Hacker News new | ask | show | jobs
by breton 1321 days ago
I am reading a bit more about this. In a similar case, where Fair Trials intervened, they made this submission: https://www.fairtrials.org/app/uploads/2022/03/FT-interventi... . In the submission there are these sentences:

> Law enforcement authorities may compel suspects to provide the passcode to their mobile device under threat of a legal sanction pursuant to Article 434-15-2 paragraph 1 of the French Criminal Code, [...]. The request must be sanctioned by a judicial authority.

What is this sanction by judicial authority? A court order? Can it be appealed against?
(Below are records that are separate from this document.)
lemma fa_mult_eq_double_sum:
  assumes "finite A" "finite B" "fsupp f \<subseteq> A" "fsupp g \<subseteq> B"
  shows "fa_mult f g w = (\<Sum>u\<in>A. \<Sum>v\<in>B. if u @ v = w then f u * g v else 0)"
proof -
  let ?split = "\<lambda>i. (take i w, drop i w)"
  have splits: "?split ` {..length w} = {p. fst p @ snd p = w}"
  proof (rule subset_antisym)
    show "{p. fst p @ snd p = w} \<subseteq> ?split ` {..length w}"
    proof
      fix p assume "p \<in> {p. fst p @ snd p = w}"
      then show "p \<in> ?split ` {..length w}"
        by (cases p) (auto intro!: image_eqI[of _ _ "length (fst p)"])
    qed
  qed auto
  have inj: "inj_on ?split {..length w}"
    by (auto simp: inj_on_def) (metis length_take min.absorb2)
  have "(\<Sum>u\<in>A. \<Sum>v\<in>B. if u @ v = w then f u * g v else 0)
      = (\<Sum>p\<in>{p\<in>A\<times>B. fst p @ snd p = w}. f (fst p) * g (snd p))"
    using assms by (simp add: sum.cartesian_product case_prod_beta sum.inter_filter)
  also have "\<dots> = (\<Sum>p\<in>?split ` {..length w}. f (fst p) * g (snd p))"
  proof (rule sum.mono_neutral_cong_left)
    show "{p\<in>A\<times>B. fst p @ snd p = w} \<subseteq> ?split ` {..length w}"
      using splits by auto
    show "\<forall>p\<in>?split ` {..length w} - {p\<in>A\<times>B. fst p @ snd p = w}. f (fst p) * g (snd p) = 0"
      using assms(3,4) splits by (auto simp: fsupp_def)
  qed simp_all
  also have "\<dots> = fa_mult f g w"
    by (simp add: sum.reindex[OF inj] fa_mult_def)
  finally show ?thesis ..
qed

lemma fsupp_fa_mult:
  assumes "finite (fsupp f)" "finite (fsupp g)"
  shows "fsupp (fa_mult f g) \<subseteq> (\<lambda>(u,v). u @ v) ` (fsupp f \<times> fsupp g)"
proof
  fix w assume "w \<in> fsupp (fa_mult f g)"
  then have "(\<Sum>u\<in>fsupp f. \<Sum>v\<in>fsupp g. if u @ v = w then f u * g v else 0) \<noteq> 0"
    using fa_mult_eq_double_sum[OF assms order_refl order_refl] by (simp add: fsupp_def)
  then obtain u v where "u \<in> fsupp f" "v \<in> fsupp g" "u @ v = w"
    by (smt (verit) sum.neutral)
  then show "w \<in> (\<lambda>(u,v). u @ v) ` (fsupp f \<times> fsupp g)" by force
qed

lemma finite_fsupp_fa_mult:
  "finite (fsupp f) \<Longrightarrow> finite (fsupp g) \<Longrightarrow> finite (fsupp (fa_mult f g))"
  by (rule finite_subset[OF fsupp_fa_mult]) auto

lemma finite_fsupp_fa_add:
  "finite (fsupp f) \<Longrightarrow> finite (fsupp g) \<Longrightarrow> finite (fsupp (fa_add f g))"
  by (rule finite_subset[of _ "fsupp f \<union> fsupp g"]) (auto simp: fsupp_def fa_add_def)

lemma finite_fsupp_fa_diff:
  "finite (fsupp f) \<Longrightarrow> finite (fsupp g) \<Longrightarrow> finite (fsupp (fa_diff f g))"
  by (rule finite_subset[of _ "fsupp f \<union> fsupp g"]) (auto simp: fsupp_def fa_diff_def)

lemma finite_fsupp_fa_sum:
  "finite A \<Longrightarrow> (\<And>a. a \<in> A \<Longrightarrow> finite (fsupp (F a))) \<Longrightarrow> finite (fsupp (fa_sum F A))"
  by (rule finite_subset[of _ "\<Union>a\<in>A. fsupp (F a)"]) (auto simp: fsupp_def fa_sum_def intro: ccontr)

lemma fsupp_fa_zero [simp]: "fsupp fa_zero = {}"
  by (simp add: fsupp_def fa_zero_def)

lemma fsupp_fa_one: "fsupp fa_one \<subseteq> {[]}"
  by (auto simp: fsupp_def fa_one_def)

lemma fsupp_gen_el [simp]: "fsupp (gen_el x) = {[x]}"
  by (auto simp: fsupp_def gen_el_def)

lemma finite_fsupp_gen_el: "finite (fsupp (gen_el x))"
  by simp

lemma sum_fa_mult_weighted:
  assumes "finite A" "finite B" "finite W" "fsupp f \<subseteq> A" "fsupp g \<subseteq> B"
    and "\<And>u v. u \<in> A \<Longrightarrow> v \<in> B \<Longrightarrow> u @ v \<in> W"
  shows "(\<Sum>w\<in>W. fa_mult f g w * c w) = (\<Sum>u\<in>A. \<Sum>v\<in>B. f u * g v * c (u @ v))"
proof -
  have "(\<Sum>w\<in>W. fa_mult f g w * c w)
     = (\<Sum>u\<in>A. \<Sum>v\<in>B. \<Sum>w\<in>W. if u @ v = w then f u * g v * c w else 0)"
    unfolding fa_mult_eq_double_sum[OF assms(1,2,4,5)] sum_distrib_right
    by (subst sum.swap, subst sum.swap) (auto intro!: sum.cong sum.swap)
  also have "\<dots> = (\<Sum>u\<in>A. \<Sum>v\<in>B. f u * g v * c (u @ v))"
    using assms(3,6) by (intro sum.cong refl) (simp add: sum.delta')
  finally show ?thesis .
qed
lemma usc_on_Icc_borel_measurable:
  fixes f :: "real \<Rightarrow> real"
  assumes "usc_on {a..b} f"
  shows "(\<lambda>x. indicator {a..b} x *\<^sub>R f x) \<in> borel_measurable borel"
proof (rule borel_measurable_iff_less[THEN iffD2], intro allI)
  fix c :: real
  obtain U where U: "open U" "{x\<in>{a..b}. f x < c} = {a..b} \<inter> U"
    using usc_on_openin_sublevel[OF assms, of c] unfolding openin_open by blast
  have "f x < c \<longleftrightarrow> x \<in> U" if "x \<in> {a..b}" for x
    using U(2) that by blast
  then have "{x \<in> space borel. indicator {a..b} x *\<^sub>R f x < c} =
      ({a..b} \<inter> U) \<union> (if 0 < c then - {a..b} else {})"
    by (auto simp: indicator_def)
  also have "\<dots> \<in> sets borel" using U(1) by auto
  finally show "{x \<in> space borel. indicator {a..b} x *\<^sub>R f x < c} \<in> sets borel" .
qed

lemma usc_on_increment_set_borel_measurable:
  fixes f :: "real \<Rightarrow> real"
  assumes "usc_on {0..T} f" "t \<le> T" "A \<subseteq> {0..t}" "A \<in> sets borel"
  shows "set_borel_measurable lborel A (\<lambda>\<tau>. f t - f (t - \<tau>))"
proof -
  define F where "F = (\<lambda>x. indicator {0..T} x *\<^sub>R f x)"
  have F_measurable[measurable]: "F \<in> borel_measurable borel"
    unfolding F_def by (rule usc_on_Icc_borel_measurable[OF assms(1)])
  note [measurable] = \<open>A \<in> sets borel\<close>
  have "(\<lambda>\<tau>. indicator A \<tau> *\<^sub>R (f t - f (t - \<tau>))) = (\<lambda>\<tau>. indicator A \<tau> *\<^sub>R (f t - F (t - \<tau>)))"
    using assms(2,3) by (auto simp: fun_eq_iff indicator_def F_def)
  moreover have "(\<lambda>\<tau>. indicator A \<tau> *\<^sub>R (f t - F (t - \<tau>))) \<in> borel_measurable borel"
    by measurable
  ultimately show ?thesis unfolding set_borel_measurable_def by simp
qed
Can i get a lawyer participate in the hearing for the sanction?

2 comments

Warning: IANAL.

Sanction here does not mean punishment, it means approved (the law itself says "upon request")

That article of the Criminal Code refers to two chapters of the Code of Criminal Procedure, which covers the two types of criminal investigations in France and their respective judicial authority: the prosecutor, and the judge of instruction (an investigative magistrate).

An order/request by the judge can be appealed against, I don't think the orders/requests of the prosecutor can be appealed.

Thanks.

I raised the question, because i want to understand, how much police in France needs to do to issue an order to unlock a phone. It does not sound too bad to me, if they have to go through a judge and a hearing to issue the order.

The problem is that the prosecutor can issue a blanket order that forces any person, company or organization to hand over to the police any and all digital information and data that may be related to the investigation. And as with all blanket orders, this gives a lot of leeway to the police.
France has investigating judges, maybe one of them would have the authority?